Заметив активное движение на Жемчужной банке, он направил туда бинокль и увидел, что иранские катера перепахивают мелководье в нескольких милях от него. Он положил тяжелый бинокль на подставку, чтобы получше разглядеть. Эти катера были предназначены для плавания на мелководье. На палубах стояли моряки в форме. Одни из них держали винтовки, другие оглядывали море в бинокли. Его внимание привлекла забавная деталь.
На носу каждого катера виднелась фигура с тюрбаном на голове, облаченная в свободные одежды, которые развевались в потоке встречного воздуха. Харден решил, что это местные жители, знакомые с рифами. Они то и дело махали руками, и тогда катера резко меняли курс. Контраст их одежды с формой матросов вызвал ассоциацию: американская кавалерия входит на вражескую территорию под предводительством разведчика-индейца.
Его разбудили голоса по радио. Разговор велся на арабском. Харден вспомнил, что надо вернуться на шестнадцатый канал. Спустившись вниз и настроив приемник, он снова лег в кокпите, озабоченно думая, не остановят ли «Левиафан» до тех пор, пока не найдут его. Или махнут рукой? Он был уверен, что со времени шторма его никто не видел. Могли подумать, что он погиб. Затем он подумал о рабочем на нефтяной вышке. Видел ли тот его? А если да, то доложил ли кому-нибудь? Может быть, ему пришлось объяснять, почему он не работал, когда бригадир застукал его.

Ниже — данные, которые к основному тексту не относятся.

section \<open>The attractor\<close>

(* A point of K farthest from L is the image of a point of K, whose distance to L shrinks by the
  contraction factor; so the largest distance vanishes. *)
lemma hutchinson_fixed_point_subset:
  assumes "\<bar>p\<bar> < 1" "\<bar>q\<bar> < 1"
    and K: "compact K" "K \<noteq> {}" "hutchinson p q K = K"
    and L: "compact L" "L \<noteq> {}" "hutchinson p q L = L"
  shows "K \<subseteq> L"
proof -
  define c where "c = max \<bar>p\<bar> \<bar>q\<bar>"
  obtain x where x: "x \<in> K" "\<And>z. z \<in> K \<Longrightarrow> infdist z L \<le> infdist x L"
    using continuous_attains_sup[OF K(1,2) continuous_on_infdist[OF continuous_on_id, of K L]] by auto
  have "x \<in> hutchinson p q K" using x(1) K(3) by simp
  then obtain i y where i: "i < 4" "y \<in> K" "x = ifs_map p q i y"
    by (auto simp: hutchinson_def)
  obtain y' where y': "y' \<in> L" "infdist y L = dist y y'"
    using infdist_attains_inf[OF compact_imp_closed[OF L(1)] L(2)] by blast
  have "ifs_map p q i y' \<in> L" using y'(1) i(1) L(3) by (auto simp: hutchinson_def)
  then have "infdist x L \<le> \<bar>ifs_map p q i y - ifs_map p q i y'\<bar>"
    using infdist_le i(3) by (fastforce simp: dist_real_def)
  also have "\<dots> \<le> c * infdist y L"
    using y'(2) by (auto simp: ifs_map_dist ifs_ratio_def c_def dist_real_def intro: mult_right_mono)
  also have "\<dots> \<le> c * infdist x L"
    using x(2)[OF i(2)] assms(1,2) by (intro mult_left_mono) (auto simp: c_def)
  finally have "infdist x L * (1 - c) \<le> 0" by (simp add: algebra_simps)
  moreover have "c < 1" using assms(1,2) by (simp add: c_def)
  ultimately have "infdist x L \<le> 0" by (simp add: mult_le_0_iff)
  then have "infdist z L = 0" if "z \<in> K" for z
    using x(2)[OF that] infdist_nonneg[of z L] by simp
  then show ?thesis
    using in_closed_iff_infdist_zero[OF compact_imp_closed[OF L(1)] L(2)] by blast
qed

Небо было очень чистым – такого чистого неба Харден не видел с тех пор, как попал в муссон несколько недель назад. Шамаль принес с собой более прохладный и сухой воздух. Однако температура по-прежнему держалась на уровне девяноста градусов, а видимость была ограничена пятью милями. Ветер, больше напоминающий морской бриз, чем дыхание пустыни, сейчас дул с северо-запада со скоростью десять узлов. Если он продержится до вечера, то приведет Хардена прямо к «Левиафану».
Солнце поднималось к зениту, и жара усиливалась. Странные миражи терзали усталые глаза Хардена. Размытые многоцветные спектры, гигантские облачные корабли, плывущие по небу кверху дном. Расплывчатые зеркальные отражения танкеров, идущих по судоходной линии в десяти милях от него, двигались в строгой процессии. Один за другим они появлялись на южном горизонте, увеличиваясь по мере приближения, проплывали над головой и исчезали на севере.
Угрожающий вой приближавшихся вертолетов заглушил почти мирное, убаюкивающее гудение далеких патрульных катеров. К вышке приближались три черные точки, вырастая в размерах и сверкая. Харден с опаской следил за ними.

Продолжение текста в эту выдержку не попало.